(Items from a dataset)
┌────────
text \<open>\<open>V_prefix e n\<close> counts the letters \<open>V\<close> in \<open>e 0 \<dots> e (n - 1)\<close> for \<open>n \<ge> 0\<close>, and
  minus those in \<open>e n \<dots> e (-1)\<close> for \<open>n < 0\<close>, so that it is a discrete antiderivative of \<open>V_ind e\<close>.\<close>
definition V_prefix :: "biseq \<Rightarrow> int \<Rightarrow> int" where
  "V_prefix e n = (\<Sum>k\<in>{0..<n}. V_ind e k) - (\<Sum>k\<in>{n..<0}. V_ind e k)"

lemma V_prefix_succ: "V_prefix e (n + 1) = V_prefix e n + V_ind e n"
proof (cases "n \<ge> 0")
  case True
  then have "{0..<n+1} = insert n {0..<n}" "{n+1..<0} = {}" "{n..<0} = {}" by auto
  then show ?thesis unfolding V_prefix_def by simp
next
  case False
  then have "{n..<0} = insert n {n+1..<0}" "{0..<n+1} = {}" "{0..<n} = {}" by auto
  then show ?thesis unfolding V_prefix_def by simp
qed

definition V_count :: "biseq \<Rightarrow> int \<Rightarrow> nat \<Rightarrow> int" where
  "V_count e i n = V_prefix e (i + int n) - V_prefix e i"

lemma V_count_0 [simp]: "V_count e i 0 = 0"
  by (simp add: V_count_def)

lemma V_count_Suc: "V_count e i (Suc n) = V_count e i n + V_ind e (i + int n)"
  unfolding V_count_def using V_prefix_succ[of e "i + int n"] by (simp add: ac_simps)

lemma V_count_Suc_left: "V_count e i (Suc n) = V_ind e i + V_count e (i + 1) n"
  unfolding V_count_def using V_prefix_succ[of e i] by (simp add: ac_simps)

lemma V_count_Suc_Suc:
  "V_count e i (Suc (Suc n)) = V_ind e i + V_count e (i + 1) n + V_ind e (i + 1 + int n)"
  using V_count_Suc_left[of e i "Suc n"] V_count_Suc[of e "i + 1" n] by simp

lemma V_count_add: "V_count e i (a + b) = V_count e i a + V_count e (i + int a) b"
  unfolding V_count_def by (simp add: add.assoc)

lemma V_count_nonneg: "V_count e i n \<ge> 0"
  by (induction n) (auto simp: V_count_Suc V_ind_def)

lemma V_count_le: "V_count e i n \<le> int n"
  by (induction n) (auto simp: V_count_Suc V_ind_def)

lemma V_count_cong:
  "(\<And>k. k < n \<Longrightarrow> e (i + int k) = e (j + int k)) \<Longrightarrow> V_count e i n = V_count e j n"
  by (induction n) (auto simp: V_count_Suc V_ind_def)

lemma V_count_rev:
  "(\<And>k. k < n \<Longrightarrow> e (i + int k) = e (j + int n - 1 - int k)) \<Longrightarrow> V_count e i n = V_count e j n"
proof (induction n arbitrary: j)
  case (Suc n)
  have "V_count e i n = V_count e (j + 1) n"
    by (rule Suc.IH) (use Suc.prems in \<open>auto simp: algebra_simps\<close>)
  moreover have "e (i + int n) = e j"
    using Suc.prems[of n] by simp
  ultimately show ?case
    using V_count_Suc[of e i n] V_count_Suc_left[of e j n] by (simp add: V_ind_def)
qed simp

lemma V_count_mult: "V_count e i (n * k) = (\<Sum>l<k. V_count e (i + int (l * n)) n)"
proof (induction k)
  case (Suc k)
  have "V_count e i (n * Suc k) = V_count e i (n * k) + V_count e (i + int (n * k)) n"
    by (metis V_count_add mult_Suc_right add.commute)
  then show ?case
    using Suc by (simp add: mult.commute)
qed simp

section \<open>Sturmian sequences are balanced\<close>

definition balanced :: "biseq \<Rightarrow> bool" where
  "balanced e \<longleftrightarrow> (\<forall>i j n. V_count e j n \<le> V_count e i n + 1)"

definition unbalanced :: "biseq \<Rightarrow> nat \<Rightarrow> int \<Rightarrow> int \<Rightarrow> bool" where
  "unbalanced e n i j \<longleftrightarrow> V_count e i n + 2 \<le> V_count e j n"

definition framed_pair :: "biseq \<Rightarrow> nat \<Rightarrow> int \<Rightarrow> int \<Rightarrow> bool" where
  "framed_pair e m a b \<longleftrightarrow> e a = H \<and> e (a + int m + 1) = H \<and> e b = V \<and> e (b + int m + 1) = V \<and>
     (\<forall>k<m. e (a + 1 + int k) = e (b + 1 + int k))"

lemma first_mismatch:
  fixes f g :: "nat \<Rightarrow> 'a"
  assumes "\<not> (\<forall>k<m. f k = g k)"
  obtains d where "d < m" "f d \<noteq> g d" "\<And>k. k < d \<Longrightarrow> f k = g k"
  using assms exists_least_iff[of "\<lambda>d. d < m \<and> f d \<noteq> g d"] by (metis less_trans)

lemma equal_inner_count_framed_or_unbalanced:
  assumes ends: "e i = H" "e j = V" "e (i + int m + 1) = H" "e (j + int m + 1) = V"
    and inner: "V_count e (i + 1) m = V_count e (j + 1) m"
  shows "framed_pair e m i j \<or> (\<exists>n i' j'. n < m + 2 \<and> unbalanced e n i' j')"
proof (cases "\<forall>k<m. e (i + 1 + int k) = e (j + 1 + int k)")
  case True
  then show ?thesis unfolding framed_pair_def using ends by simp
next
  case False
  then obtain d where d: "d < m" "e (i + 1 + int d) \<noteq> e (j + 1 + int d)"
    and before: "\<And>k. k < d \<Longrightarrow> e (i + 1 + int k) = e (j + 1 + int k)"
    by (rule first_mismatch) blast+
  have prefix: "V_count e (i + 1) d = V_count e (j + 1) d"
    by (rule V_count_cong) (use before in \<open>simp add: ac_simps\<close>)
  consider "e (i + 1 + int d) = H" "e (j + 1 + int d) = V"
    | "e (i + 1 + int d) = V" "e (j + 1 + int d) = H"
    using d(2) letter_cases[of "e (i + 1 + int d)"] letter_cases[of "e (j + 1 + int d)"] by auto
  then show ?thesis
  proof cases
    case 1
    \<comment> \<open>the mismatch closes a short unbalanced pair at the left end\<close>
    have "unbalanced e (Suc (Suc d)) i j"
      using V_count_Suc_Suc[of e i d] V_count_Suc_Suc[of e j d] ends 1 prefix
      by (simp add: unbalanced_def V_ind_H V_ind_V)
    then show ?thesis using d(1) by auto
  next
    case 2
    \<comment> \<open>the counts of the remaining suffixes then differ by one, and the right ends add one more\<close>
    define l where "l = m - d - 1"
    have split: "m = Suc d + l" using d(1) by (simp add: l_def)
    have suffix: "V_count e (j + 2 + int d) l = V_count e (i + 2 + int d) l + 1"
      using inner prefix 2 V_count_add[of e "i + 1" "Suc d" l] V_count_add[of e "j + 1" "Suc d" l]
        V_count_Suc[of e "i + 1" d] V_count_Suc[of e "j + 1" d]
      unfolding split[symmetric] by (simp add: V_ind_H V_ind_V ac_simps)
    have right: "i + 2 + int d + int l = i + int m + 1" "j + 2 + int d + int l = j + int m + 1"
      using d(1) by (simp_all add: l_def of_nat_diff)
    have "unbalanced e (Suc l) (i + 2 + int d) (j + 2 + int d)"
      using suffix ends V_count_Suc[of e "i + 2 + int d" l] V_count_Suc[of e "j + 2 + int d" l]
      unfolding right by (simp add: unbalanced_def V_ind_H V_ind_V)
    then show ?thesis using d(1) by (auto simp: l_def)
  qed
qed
└────────
| Instructions for the task |
Your answer must be the line holding "e (Suc l) (i" plus every later line to the end of the records, copied exactly.

| Result |
    have "unbalanced e (Suc l) (i + 2 + int d) (j + 2 + int d)"
      using suffix ends V_count_Suc[of e "i + 2 + int d" l] V_count_Suc[of e "j + 2 + int d" l]
      unfolding right by (simp add: unbalanced_def V_ind_H V_ind_V)
    then show ?thesis using d(1) by (auto simp: l_def)
  qed
qed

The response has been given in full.